Input data:
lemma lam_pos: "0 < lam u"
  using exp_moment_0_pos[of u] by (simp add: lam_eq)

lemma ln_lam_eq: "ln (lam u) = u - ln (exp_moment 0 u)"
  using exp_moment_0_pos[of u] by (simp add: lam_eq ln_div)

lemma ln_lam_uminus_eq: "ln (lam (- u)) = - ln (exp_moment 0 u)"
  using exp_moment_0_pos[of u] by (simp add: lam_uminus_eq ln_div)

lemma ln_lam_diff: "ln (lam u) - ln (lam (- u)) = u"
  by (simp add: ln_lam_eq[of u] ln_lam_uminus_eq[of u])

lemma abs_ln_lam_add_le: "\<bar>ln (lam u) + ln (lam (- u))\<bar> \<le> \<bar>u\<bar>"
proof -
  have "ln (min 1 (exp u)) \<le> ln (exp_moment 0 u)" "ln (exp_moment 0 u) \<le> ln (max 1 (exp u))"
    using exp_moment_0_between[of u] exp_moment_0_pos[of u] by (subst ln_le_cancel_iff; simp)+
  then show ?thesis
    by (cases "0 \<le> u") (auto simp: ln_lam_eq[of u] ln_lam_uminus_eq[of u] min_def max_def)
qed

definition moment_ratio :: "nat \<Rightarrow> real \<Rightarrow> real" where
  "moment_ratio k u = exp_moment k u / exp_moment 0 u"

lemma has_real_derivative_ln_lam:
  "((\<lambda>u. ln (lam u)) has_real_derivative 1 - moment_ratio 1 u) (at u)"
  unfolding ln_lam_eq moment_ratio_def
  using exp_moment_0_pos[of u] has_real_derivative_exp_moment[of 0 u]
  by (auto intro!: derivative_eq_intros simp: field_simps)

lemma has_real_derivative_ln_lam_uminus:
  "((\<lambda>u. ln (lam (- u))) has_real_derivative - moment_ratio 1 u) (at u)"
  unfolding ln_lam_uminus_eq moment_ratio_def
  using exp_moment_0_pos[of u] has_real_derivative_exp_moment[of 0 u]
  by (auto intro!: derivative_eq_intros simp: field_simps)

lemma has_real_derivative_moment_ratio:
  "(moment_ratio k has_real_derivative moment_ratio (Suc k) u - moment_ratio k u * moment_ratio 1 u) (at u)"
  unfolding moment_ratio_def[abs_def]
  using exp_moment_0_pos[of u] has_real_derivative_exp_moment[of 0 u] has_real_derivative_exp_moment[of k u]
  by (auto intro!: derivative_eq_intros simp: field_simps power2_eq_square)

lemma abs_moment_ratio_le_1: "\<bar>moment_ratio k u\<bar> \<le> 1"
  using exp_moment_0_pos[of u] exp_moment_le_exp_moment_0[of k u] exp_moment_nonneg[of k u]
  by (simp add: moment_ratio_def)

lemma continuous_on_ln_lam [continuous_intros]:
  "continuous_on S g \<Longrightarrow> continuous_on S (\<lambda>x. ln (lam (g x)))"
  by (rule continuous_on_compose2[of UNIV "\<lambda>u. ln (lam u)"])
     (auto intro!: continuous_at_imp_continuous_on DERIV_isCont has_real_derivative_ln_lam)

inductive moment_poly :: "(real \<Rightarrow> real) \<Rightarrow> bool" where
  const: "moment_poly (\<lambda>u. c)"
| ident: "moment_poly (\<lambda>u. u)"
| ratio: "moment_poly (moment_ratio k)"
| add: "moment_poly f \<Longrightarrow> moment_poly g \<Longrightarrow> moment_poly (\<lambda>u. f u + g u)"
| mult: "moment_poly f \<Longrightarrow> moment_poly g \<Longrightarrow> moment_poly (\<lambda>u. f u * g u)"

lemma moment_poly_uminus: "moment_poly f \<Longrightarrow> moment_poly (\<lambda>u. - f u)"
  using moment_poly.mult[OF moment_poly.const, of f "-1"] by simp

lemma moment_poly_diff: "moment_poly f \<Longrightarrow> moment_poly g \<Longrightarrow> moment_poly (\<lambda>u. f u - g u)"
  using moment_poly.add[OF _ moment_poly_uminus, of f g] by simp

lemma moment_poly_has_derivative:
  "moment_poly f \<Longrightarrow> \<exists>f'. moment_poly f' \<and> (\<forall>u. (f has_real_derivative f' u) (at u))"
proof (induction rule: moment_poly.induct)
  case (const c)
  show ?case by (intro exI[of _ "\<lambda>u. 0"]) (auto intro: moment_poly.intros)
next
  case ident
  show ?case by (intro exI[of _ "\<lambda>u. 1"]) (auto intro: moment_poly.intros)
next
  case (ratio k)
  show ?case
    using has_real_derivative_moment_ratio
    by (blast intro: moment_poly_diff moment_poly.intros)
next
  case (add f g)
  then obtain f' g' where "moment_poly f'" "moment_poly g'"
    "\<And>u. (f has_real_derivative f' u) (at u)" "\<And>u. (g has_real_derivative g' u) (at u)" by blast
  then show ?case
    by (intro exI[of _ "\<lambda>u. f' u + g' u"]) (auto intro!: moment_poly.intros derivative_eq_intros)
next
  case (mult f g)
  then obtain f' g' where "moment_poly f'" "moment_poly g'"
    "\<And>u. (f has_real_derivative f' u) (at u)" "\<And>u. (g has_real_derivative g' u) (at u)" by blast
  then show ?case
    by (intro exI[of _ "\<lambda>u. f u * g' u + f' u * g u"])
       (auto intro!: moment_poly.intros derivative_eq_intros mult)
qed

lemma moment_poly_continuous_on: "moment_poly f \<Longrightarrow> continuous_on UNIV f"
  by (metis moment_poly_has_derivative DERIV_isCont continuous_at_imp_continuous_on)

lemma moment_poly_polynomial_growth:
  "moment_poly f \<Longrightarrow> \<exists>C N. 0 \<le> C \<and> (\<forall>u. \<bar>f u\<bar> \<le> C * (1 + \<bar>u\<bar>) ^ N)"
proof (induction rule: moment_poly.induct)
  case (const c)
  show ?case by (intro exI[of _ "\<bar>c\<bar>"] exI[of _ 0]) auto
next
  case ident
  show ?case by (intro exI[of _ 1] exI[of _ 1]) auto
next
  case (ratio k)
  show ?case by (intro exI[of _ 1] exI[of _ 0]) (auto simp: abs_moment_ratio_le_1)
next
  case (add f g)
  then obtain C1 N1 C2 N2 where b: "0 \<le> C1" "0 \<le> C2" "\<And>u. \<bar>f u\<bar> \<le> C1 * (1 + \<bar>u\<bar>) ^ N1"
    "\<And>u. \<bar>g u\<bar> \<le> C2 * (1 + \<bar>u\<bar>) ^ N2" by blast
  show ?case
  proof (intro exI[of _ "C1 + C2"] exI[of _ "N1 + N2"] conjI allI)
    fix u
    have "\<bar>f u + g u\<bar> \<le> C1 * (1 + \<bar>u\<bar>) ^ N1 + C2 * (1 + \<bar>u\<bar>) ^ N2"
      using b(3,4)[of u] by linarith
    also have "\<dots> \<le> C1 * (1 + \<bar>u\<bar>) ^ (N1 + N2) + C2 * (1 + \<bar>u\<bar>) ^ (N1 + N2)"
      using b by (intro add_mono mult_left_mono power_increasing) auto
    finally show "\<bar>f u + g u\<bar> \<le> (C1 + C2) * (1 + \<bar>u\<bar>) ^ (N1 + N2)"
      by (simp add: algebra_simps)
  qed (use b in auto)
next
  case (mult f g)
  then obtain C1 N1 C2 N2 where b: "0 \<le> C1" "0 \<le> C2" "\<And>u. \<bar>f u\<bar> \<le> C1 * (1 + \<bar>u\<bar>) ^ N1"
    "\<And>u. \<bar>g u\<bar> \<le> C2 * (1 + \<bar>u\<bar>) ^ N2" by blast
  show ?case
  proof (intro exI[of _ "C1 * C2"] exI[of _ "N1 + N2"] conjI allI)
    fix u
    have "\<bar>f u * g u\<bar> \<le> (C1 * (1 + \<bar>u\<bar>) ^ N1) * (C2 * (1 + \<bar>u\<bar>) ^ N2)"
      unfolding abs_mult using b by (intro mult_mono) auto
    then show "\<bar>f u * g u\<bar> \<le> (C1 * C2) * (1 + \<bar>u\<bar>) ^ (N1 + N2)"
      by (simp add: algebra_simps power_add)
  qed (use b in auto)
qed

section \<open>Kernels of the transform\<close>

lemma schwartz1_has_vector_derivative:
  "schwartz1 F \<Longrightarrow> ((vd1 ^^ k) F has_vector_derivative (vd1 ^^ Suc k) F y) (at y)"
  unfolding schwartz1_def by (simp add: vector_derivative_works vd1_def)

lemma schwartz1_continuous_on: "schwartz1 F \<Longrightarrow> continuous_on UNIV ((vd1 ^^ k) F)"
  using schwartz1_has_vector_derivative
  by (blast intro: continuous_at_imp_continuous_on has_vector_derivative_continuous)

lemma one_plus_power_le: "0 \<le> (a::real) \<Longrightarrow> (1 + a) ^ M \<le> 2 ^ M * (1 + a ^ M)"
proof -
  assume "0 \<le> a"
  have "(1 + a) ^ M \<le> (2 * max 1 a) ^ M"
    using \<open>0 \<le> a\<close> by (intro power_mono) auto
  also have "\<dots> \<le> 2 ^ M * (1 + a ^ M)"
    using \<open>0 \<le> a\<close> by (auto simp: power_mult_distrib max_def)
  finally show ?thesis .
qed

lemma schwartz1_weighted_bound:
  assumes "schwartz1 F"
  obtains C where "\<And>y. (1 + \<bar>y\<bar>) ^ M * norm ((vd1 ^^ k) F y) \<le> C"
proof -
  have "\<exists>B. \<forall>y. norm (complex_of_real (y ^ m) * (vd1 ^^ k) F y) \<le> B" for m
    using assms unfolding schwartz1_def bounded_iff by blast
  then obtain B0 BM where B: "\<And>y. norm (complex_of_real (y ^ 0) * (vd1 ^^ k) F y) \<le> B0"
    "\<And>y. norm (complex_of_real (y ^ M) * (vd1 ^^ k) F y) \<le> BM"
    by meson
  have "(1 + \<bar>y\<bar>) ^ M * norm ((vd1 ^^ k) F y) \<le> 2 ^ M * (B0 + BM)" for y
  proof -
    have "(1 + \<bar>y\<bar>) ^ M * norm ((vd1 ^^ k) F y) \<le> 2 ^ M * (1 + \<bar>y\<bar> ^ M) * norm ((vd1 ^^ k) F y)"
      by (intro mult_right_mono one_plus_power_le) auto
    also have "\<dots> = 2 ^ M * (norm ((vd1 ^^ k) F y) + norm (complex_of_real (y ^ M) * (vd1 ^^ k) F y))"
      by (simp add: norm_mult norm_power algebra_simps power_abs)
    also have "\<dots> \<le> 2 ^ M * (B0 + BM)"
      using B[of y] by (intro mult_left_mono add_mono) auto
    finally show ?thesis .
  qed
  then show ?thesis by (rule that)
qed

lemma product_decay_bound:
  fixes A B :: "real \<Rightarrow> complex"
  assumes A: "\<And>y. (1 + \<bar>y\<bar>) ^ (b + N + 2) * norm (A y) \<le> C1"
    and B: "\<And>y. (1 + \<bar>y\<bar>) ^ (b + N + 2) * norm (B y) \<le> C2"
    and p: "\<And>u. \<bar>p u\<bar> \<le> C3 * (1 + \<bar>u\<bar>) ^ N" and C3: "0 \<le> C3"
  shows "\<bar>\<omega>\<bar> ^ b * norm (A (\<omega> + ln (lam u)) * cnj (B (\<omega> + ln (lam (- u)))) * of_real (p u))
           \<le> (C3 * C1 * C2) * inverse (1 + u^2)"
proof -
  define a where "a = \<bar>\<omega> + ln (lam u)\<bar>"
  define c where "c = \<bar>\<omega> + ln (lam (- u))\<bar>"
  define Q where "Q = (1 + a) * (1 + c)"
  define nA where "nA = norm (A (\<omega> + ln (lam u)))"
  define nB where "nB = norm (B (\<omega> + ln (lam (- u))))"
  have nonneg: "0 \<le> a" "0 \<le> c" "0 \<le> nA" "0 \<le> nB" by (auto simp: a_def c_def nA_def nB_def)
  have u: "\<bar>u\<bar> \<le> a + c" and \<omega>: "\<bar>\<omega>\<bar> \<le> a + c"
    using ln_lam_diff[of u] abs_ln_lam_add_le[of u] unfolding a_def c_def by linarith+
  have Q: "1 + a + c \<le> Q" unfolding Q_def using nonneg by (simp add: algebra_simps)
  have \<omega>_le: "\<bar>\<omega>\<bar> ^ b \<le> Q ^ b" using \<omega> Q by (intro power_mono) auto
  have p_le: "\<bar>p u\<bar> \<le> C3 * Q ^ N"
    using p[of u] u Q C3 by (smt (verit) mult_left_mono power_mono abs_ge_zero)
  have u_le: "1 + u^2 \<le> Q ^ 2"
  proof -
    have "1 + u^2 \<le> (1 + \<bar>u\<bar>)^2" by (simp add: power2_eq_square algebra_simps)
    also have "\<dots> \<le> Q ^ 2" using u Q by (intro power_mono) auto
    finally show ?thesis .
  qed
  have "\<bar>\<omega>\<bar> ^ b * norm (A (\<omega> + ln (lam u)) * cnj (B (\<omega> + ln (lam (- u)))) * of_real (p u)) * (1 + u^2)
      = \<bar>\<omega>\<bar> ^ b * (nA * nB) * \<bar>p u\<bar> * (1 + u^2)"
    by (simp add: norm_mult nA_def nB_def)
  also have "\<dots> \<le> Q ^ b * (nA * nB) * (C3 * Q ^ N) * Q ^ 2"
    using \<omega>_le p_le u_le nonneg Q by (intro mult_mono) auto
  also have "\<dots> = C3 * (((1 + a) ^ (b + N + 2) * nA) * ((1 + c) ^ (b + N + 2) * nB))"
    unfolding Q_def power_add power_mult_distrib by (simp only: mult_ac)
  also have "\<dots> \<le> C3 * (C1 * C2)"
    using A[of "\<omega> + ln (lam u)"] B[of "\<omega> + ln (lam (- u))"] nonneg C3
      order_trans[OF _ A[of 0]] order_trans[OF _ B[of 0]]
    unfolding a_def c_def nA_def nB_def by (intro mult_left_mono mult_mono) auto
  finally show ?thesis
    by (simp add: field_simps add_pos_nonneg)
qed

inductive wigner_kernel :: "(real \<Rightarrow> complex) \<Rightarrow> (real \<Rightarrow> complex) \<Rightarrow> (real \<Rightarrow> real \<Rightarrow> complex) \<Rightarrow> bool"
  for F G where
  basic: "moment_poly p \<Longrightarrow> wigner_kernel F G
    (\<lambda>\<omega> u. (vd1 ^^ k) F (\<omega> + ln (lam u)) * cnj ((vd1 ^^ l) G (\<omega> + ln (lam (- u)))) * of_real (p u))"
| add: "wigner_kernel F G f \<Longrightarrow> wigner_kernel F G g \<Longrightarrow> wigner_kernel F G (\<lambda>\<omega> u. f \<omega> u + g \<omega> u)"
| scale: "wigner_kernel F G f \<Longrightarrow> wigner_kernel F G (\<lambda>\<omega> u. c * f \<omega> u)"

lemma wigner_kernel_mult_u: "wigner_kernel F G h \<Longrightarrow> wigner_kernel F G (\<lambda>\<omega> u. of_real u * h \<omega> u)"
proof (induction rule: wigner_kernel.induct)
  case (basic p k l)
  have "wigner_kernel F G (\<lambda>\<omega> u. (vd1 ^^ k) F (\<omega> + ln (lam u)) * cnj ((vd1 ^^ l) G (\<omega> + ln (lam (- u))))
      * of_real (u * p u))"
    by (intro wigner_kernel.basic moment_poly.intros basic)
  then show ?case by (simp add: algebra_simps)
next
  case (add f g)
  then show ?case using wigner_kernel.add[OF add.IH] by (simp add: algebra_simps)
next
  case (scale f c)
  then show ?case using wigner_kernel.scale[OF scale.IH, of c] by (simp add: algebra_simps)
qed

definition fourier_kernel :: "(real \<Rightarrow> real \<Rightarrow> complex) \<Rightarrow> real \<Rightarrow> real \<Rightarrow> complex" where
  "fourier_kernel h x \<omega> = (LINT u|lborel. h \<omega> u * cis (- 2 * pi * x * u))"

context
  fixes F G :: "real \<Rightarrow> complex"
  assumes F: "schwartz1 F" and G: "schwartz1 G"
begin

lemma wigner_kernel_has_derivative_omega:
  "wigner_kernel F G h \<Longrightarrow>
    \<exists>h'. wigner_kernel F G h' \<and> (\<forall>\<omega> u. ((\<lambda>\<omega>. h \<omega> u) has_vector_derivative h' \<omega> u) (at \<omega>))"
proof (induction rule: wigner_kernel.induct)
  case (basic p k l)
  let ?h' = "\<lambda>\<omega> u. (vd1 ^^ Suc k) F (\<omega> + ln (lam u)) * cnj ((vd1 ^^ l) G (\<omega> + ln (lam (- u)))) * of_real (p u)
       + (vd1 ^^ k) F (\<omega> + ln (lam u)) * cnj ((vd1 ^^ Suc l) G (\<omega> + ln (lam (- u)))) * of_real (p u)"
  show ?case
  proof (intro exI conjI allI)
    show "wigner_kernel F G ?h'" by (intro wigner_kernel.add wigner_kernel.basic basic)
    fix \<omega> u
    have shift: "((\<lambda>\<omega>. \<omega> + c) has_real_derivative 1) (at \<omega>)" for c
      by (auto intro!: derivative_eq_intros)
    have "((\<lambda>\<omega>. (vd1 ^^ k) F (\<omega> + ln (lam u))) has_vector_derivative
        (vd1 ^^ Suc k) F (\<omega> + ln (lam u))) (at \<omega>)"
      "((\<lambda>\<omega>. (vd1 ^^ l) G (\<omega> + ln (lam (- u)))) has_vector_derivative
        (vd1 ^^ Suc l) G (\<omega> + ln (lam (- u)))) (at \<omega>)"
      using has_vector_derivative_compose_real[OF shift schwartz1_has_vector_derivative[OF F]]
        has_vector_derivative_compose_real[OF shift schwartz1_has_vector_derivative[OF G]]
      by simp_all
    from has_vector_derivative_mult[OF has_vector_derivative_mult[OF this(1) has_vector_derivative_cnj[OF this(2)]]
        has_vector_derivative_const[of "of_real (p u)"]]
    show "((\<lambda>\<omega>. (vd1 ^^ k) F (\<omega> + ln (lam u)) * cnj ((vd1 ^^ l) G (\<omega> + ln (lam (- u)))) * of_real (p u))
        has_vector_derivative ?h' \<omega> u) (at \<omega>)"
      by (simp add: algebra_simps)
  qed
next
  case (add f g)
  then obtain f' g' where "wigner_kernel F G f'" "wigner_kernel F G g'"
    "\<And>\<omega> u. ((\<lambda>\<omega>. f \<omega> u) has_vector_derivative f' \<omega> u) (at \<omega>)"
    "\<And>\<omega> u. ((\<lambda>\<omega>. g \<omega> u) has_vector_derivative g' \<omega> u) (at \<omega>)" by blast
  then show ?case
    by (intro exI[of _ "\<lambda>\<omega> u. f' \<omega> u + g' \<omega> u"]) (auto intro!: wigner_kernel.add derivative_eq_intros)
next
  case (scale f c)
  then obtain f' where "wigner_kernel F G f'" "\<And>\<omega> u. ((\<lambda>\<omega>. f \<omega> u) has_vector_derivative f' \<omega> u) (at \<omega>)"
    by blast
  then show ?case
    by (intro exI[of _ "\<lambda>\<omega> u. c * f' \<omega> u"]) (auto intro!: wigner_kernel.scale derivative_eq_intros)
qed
...
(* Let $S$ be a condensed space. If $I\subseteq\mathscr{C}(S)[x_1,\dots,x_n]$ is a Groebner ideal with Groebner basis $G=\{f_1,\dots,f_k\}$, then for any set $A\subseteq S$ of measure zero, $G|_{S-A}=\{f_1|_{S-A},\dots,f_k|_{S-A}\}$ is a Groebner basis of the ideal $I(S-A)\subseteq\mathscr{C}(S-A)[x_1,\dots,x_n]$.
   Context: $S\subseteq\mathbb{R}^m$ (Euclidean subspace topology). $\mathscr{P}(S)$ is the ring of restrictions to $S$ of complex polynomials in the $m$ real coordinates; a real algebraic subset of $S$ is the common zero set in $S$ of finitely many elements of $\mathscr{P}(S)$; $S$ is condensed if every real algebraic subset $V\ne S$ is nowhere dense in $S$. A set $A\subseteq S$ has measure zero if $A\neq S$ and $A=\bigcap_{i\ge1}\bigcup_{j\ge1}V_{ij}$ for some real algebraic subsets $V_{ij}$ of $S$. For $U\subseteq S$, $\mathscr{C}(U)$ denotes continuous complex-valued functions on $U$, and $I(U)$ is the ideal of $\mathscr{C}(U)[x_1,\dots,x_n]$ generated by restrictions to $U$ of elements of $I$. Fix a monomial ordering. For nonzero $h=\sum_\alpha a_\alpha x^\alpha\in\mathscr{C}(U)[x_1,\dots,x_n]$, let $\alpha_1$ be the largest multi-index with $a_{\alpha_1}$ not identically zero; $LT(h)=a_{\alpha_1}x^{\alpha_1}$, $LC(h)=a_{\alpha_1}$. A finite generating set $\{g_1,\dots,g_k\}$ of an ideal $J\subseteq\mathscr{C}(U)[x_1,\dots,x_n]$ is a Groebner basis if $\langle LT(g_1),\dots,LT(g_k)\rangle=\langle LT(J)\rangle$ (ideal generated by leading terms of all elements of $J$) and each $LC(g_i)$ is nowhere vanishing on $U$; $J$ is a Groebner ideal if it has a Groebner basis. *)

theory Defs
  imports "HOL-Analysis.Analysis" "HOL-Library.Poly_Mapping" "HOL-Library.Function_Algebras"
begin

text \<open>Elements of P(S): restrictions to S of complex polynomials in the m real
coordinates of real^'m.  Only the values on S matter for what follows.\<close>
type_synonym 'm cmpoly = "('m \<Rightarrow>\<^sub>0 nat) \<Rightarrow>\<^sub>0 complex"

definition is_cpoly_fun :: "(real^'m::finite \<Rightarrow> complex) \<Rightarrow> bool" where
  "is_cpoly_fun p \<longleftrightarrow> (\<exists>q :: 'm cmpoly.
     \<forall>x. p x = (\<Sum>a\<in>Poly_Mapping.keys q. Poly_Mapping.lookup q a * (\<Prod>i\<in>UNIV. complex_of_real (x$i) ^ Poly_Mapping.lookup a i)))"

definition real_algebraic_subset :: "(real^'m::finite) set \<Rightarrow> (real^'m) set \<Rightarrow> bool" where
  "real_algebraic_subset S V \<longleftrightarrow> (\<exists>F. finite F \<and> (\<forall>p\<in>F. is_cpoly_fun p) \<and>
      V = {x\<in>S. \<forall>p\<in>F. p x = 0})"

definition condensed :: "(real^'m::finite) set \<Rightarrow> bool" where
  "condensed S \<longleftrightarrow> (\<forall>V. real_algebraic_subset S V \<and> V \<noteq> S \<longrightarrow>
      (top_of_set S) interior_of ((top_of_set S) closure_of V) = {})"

Directions: Reproduce only the lines above, starting at the line with "by (simp add: field_simps add_pos_nonneg)" and ending at the line with "(\<lambda>\<omega> u. c", exactly as written.

Response:
    by (simp add: field_simps add_pos_nonneg)
qed

inductive wigner_kernel :: "(real \<Rightarrow> complex) \<Rightarrow> (real \<Rightarrow> complex) \<Rightarrow> (real \<Rightarrow> real \<Rightarrow> complex) \<Rightarrow> bool"
  for F G where
  basic: "moment_poly p \<Longrightarrow> wigner_kernel F G
    (\<lambda>\<omega> u. (vd1 ^^ k) F (\<omega> + ln (lam u)) * cnj ((vd1 ^^ l) G (\<omega> + ln (lam (- u)))) * of_real (p u))"
| add: "wigner_kernel F G f \<Longrightarrow> wigner_kernel F G g \<Longrightarrow> wigner_kernel F G (\<lambda>\<omega> u. f \<omega> u + g \<omega> u)"
| scale: "wigner_kernel F G f \<Longrightarrow> wigner_kernel F G (\<lambda>\<omega> u. c * f \<omega> u)"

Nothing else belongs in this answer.